Quality Fly becomes first EU carbon neutral flight school

Tecnam P2006T

Quality Fly has renewed its fleet with modern, fuel-efficient aircraft such as this Tecnam P2006T

Madrid-based training organisation Quality Fly believes it is the first European Union flight school to achieve carbon neutral status.

The EASA-approved ATO has reduced its carbon footprint and is offsetting remaining emissions through investments in clean energy projects.

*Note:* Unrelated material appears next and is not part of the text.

(* Let $\nu_n(x_0,x_1)$ ($n\ge 0$) be any nonvanishing functions and $\bar P_n(x;x_0,x_1)=\nu_n(x_0,x_1)P_n(x;x_0,x_1)$. Then for all $n\ge1$: $$\mathcal{A}_2\bar P_n=\frac{\mathrm{i}\,q^{-\frac14}}{1-x_0^2}\Bigg\{x_0^2\frac{\nu_n(q^{-\frac12}x_0,x_1)}{\nu_{n+1}(x_0,x_1)}\bar P_{n+1}-\frac{\nu_n(q^{\frac12}x_0,x_1)}{\nu_{n-1}(x_0,x_1)}\lambda_n(x_0,x_1)\bar P_{n-1}+\left(x_0^2\frac{\gamma_n(q^{-\frac12}x_0,x_1)}{\lambda_n(q^{-\frac12}x_0,x_1)}\frac{\nu_n(q^{-\frac12}x_0,x_1)}{\nu_n(x_0,x_1)}-\frac{\nu_n(q^{\frac12}x_0,x_1)}{\nu_n(x_0,x_1)}\right)\bar P_n\Bigg\},$$ $$\mathcal{A}_4\bar P_n=\frac{\mathrm{i}\,q^{-\frac14}}{1-x_1^2}\Bigg\{x_1^2\frac{\nu_n(x_0,q^{-\frac12}x_1)}{\nu_{n+1}(x_0,x_1)}\bar P_{n+1}-\frac{\nu_n(x_0,q^{\frac12}x_1)}{\nu_{n-1}(x_0,x_1)}\lambda_n(x_1,x_0)\bar P_{n-1}+\left(x_1^2\frac{\gamma_n(x_0,q^{-\frac12}x_1)}{\lambda_n(q^{-\frac12}x_1,x_0)}\frac{\nu_n(x_0,q^{-\frac12}x_1)}{\nu_n(x_0,x_1)}-\frac{\nu_n(x_0,q^{\frac12}x_1)}{\nu_n(x_0,x_1)}\right)\bar P_n\Bigg\},$$ where on the right-hand sides $\bar P_m=\bar P_m(x;x_0,x_1)$.
   Context: Let $q$ be a complex parameter with $0<|q|<1$, with a fixed choice of $q^{1/4}$ and $q^{k/4}:=(q^{1/4})^k$; $x,x_0,x_1$ are variables; $\mathrm{i}=\sqrt{-1}$. Notation: $(y)_n=(y;q)_n=\prod_{i=1}^{n}(1-yq^{i-1})$, $(y_1,\dots,y_k)_n=(y_1)_n\cdots(y_k)_n$. Operators on functions $f(x,x_0,x_1)$: $\eth_0 f(x,x_0,x_1)=f(x,q^{1/2}x_0,x_1)$, $\eth_1 f(x,x_0,x_1)=f(x,x_0,q^{1/2}x_1)$, with inverses defined accordingly; a function written to the left of an operator acts by multiplication after the operator is applied. For $n\ge0$, $$P_n(x;x_0,x_1)=(-1)^nq^{-\frac n2}\frac{\left(q,\frac{q}{x_0^2},\frac{q}{x_1^2}\right)_n}{\left(\frac{q^{n+1}}{x_0^2x_1^2}\right)_n}\sum_{k=0}^{n}q^k\frac{\left(q^{-n},\frac{q^{n+1}}{x_0^2x_1^2}\right)_k}{\left(q,q,\frac{q}{x_0^2},\frac{q}{x_1^2}\right)_k}\left(-q^{\frac12}x,-q^{\frac12}x^{-1}\right)_k$$ (the Askey–Wilson polynomial with parameters $(a,b,c,d)=(-q^{1/2},-q^{1/2},-q^{1/2}/x_0^2,-q^{1/2}/x_1^2)$). For $b\in\{0,1\}$ let $$G_0(x_b;x)=-\frac{1}{1-x_b^2}\eth_b+\frac{(q^{\frac12}x+x_b^2)(q^{\frac12}+x\,x_b^2)}{q^{\frac12}x(1-x_b^2)}\eth_b^{-1},$$ and $\mathcal{A}_2=\mathrm{i}\,q^{-1/4}G_0(x_0;x)$, $\mathcal{A}_4=\mathrm{i}\,q^{-1/4}G_0(x_1;x)$ (images of the curves $\mathbb{k}_2,\mathbb{k}_4$ of the genus-two skein algebra). Further, $$\gamma_n(x_0,x_1)=\frac{(1-q^n)^2\left(1-\frac{q^n}{x_0^2x_1^2}\right)^2\left(1-\frac{q^n}{x_0^2}\right)^2\left(1-\frac{q^n}{x_1^2}\right)^2}{\left(1-\frac{q^{2n-1}}{x_0^2x_1^2}\right)\left(1-\frac{q^{2n}}{x_0^2x_1^2}\right)^2\left(1-\frac{q^{2n+1}}{x_0^2x_1^2}\right)},\qquad \lambda_n(x_0,x_1)=\frac{q^{-\frac12}(1-q^n)^2\left(1-\frac{q^n}{x_1^2}\right)^2}{x_0^2\left(1-\frac{q^{2n-1}}{x_0^2x_1^2}\right)\left(1-\frac{q^{2n}}{x_0^2x_1^2}\right)}.$$ *)

theory Defs
  imports Complex_Main
begin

This applies to all flight programmes, both modular and integrated, and requires no additional investment by the students.

Among the measures taken:

  • The aircraft fleet has been fully renewed, replacing the older generation fleet with comparable, modern aircraft that cuts fuel consumption and emissions by as much as 50% on a per-hour basis.
  • The student journey has become fully paperless, from enrolment to ground training, flight operations and licence issuance, saving several kilograms of paper and ink every day.
  • Quality Fly has started to acquire 100% renewable electricity from clean energy producers, effectively reducing our office and administration climate impact to near zero.
  • As soon as the technology becomes fully operational, Quality Fly is determined to replace the carbon offsetting for a full 100% electric fleet.
carbon offsetting

Quality Fly is offsetting CO2 emissions with clean tech projects in developing countries

Juan Cervero, CEO of Quality Fly, said, “Since the flight training activity necessarily implies direct emissions, at least until electric aircraft offer optimal training possibilities, some emissions cannot be eliminated. Quality Fly has decided to voluntarily offset them by investing in clean energy projects in developing countries, namely India, which not only compensate for our carbon footprint, but also have a positive social and economic impact in the region.

“These projects include solar, wind and hydropower electricity generation. They are channelled through the UNFCCC (United Nations Framework Convention on Climate Change) and verified by independent auditors using international standards.”

Quality Fly estimates full-year figures for 2022 of more than 4,000 flight hours flown, or roughly 93,000 litres of gas used (mogas or avgas). This results in emissions of about 210-220 tonnes of CO2 equivalent. The clean energy investments Quality Fly has made will save 240 tonnes of CO2 emissions to the atmosphere.